Input material

-.-.-

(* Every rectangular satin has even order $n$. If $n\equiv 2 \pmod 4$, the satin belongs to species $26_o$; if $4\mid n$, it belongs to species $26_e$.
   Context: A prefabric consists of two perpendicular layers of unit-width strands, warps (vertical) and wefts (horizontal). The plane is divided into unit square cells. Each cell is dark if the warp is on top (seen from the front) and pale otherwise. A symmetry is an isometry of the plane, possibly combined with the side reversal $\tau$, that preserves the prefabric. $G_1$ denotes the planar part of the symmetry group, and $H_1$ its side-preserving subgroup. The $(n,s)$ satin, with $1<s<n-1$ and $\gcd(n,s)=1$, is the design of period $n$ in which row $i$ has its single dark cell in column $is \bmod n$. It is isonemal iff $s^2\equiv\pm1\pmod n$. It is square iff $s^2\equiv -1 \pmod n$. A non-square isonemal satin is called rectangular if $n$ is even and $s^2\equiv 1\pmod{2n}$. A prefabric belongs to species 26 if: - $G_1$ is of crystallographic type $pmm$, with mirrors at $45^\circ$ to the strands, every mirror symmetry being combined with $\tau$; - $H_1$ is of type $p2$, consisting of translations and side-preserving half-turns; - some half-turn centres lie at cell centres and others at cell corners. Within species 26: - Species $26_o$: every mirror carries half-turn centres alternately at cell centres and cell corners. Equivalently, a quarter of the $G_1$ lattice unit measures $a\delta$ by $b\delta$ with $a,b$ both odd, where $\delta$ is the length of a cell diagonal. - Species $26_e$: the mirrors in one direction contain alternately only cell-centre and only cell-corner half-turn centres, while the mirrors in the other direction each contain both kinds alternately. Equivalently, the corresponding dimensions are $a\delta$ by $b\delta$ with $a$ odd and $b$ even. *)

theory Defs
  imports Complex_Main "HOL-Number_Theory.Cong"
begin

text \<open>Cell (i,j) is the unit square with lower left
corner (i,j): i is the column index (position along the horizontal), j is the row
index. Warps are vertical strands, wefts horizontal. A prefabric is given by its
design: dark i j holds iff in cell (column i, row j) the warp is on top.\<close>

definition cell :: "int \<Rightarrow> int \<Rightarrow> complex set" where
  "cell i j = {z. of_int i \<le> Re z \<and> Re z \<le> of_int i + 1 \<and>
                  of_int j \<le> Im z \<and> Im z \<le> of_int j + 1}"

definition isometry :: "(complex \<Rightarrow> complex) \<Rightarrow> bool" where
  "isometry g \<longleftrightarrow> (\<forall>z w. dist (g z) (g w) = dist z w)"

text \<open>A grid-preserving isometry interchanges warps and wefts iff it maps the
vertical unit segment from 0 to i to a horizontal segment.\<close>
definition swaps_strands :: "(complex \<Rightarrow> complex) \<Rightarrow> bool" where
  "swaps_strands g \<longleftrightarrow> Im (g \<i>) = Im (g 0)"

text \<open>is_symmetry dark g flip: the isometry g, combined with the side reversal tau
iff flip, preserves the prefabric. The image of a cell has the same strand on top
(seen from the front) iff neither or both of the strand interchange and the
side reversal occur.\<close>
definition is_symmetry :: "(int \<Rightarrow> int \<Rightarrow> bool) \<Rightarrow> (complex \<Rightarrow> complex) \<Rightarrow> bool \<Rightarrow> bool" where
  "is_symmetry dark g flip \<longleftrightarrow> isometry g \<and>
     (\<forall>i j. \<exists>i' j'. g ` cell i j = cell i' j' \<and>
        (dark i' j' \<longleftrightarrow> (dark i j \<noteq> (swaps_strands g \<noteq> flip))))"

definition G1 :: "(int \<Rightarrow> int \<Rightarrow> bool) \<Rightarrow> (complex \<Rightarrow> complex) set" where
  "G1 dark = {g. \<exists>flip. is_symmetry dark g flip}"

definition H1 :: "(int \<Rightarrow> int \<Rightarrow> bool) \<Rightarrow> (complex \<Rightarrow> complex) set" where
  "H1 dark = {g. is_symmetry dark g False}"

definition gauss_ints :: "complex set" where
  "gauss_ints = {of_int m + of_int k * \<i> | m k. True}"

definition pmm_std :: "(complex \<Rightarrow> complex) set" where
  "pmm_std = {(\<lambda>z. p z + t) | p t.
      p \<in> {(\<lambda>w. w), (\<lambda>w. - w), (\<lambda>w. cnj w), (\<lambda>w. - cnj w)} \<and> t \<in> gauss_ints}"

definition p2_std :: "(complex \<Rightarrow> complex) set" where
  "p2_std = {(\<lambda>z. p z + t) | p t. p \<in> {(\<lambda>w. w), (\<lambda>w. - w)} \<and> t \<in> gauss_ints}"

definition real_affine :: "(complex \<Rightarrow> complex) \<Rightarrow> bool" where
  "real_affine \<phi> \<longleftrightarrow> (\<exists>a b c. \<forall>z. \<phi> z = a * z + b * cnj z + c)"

-.-.-

Your goal
Look over the listing. Pull out every line with the string "exists" in it.

Finished exercise
     (\<forall>i j. \<exists>i' j'. g ` cell i j = cell i' j' \<and>
  "G1 dark = {g. \<exists>flip. is_symmetry dark g flip}"
  "real_affine \<phi> \<longleftrightarrow> (\<exists>a b c. \<forall>z. \<phi> z = a * z + b * cnj z + c)"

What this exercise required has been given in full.